» **RECORDS SUPPLIED**:
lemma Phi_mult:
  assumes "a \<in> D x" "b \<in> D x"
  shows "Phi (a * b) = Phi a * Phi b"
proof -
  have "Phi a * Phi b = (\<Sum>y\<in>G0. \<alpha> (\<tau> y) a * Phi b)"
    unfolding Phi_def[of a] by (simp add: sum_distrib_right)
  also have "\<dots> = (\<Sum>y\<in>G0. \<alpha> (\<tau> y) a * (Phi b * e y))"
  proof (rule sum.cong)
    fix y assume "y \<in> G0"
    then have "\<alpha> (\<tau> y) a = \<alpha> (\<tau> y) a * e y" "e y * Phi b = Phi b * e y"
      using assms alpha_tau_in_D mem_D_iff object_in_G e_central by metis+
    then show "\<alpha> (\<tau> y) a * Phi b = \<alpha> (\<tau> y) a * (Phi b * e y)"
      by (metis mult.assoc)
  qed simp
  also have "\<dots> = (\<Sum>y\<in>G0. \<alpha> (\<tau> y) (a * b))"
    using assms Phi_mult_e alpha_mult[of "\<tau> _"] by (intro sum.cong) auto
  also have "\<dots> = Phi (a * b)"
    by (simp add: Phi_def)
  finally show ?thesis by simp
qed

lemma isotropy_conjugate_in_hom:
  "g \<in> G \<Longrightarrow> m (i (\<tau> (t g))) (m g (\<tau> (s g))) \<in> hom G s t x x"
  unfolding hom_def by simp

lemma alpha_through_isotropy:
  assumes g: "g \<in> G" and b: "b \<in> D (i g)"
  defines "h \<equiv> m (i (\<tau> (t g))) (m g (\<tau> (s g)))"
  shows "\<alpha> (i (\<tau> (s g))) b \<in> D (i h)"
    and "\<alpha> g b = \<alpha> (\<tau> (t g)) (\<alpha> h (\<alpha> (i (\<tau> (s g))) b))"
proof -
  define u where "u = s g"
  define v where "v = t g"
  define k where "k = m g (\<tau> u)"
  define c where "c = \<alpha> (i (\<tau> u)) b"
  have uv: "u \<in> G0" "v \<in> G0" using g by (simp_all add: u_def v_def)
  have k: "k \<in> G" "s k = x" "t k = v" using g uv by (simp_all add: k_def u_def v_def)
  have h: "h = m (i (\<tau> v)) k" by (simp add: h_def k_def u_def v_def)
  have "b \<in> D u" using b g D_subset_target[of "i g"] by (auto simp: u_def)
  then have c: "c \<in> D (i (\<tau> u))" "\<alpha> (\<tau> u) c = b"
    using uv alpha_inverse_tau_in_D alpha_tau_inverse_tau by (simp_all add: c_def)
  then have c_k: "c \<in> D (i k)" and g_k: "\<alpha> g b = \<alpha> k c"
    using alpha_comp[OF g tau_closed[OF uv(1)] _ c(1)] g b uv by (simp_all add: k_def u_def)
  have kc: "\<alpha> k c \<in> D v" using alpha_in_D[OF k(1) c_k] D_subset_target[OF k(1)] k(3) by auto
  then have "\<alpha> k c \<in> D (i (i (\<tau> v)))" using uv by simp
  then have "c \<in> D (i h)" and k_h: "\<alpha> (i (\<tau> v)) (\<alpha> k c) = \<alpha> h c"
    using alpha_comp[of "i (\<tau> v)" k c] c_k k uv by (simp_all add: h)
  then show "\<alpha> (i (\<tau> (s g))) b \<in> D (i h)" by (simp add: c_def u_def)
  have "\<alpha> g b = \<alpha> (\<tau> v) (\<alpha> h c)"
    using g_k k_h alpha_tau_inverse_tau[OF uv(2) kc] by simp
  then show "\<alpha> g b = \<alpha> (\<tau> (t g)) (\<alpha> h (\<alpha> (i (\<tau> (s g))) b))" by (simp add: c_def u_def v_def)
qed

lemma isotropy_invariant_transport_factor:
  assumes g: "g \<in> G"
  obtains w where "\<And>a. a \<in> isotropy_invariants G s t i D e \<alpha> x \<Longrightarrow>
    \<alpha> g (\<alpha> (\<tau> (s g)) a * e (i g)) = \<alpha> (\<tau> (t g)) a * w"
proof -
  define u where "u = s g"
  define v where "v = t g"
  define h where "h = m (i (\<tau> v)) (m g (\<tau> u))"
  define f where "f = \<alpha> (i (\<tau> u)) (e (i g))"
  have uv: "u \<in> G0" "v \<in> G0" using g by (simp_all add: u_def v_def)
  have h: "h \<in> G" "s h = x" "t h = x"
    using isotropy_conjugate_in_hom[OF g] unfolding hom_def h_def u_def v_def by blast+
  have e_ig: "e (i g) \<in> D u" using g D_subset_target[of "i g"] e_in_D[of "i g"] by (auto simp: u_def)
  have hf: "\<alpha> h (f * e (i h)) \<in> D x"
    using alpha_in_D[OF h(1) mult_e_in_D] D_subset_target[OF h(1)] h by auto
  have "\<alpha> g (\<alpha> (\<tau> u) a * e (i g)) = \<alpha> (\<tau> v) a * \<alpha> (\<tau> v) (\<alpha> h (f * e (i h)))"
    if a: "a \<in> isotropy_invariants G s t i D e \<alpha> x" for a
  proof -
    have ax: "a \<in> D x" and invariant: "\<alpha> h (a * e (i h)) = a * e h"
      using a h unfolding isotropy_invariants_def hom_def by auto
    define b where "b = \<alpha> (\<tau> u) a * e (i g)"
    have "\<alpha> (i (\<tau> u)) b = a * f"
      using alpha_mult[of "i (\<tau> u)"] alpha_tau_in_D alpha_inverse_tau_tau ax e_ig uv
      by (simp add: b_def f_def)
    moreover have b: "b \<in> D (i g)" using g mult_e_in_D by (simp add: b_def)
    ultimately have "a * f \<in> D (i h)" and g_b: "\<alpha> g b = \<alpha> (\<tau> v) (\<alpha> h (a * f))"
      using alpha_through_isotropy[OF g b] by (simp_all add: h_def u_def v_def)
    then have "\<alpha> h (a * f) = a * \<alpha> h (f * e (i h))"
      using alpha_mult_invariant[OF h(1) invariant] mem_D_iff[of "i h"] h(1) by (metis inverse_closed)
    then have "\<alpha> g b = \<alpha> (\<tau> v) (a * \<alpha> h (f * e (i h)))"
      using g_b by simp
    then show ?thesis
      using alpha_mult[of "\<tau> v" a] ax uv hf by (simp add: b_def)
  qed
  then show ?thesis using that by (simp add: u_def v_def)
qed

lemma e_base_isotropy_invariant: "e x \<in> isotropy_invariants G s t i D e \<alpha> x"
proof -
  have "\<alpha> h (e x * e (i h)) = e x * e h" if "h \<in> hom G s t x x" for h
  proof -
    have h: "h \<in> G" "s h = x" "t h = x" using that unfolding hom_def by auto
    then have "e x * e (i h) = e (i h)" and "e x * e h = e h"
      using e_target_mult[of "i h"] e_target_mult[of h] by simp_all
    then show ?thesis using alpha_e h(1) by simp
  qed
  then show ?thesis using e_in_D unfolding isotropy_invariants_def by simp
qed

» **REQUIRED WORK**:
Using the records above, set down exactly the lines from the one with "proof (rule sum.cong)" through the one with "(\<tau> y) (a", inclusive, and nothing more.

» **RESPONSE**:
  proof (rule sum.cong)
    fix y assume "y \<in> G0"
    then have "\<alpha> (\<tau> y) a = \<alpha> (\<tau> y) a * e y" "e y * Phi b = Phi b * e y"
      using assms alpha_tau_in_D mem_D_iff object_in_G e_central by metis+
    then show "\<alpha> (\<tau> y) a * Phi b = \<alpha> (\<tau> y) a * (Phi b * e y)"
      by (metis mult.assoc)
  qed simp
  also have "\<dots> = (\<Sum>y\<in>G0. \<alpha> (\<tau> y) (a * b))"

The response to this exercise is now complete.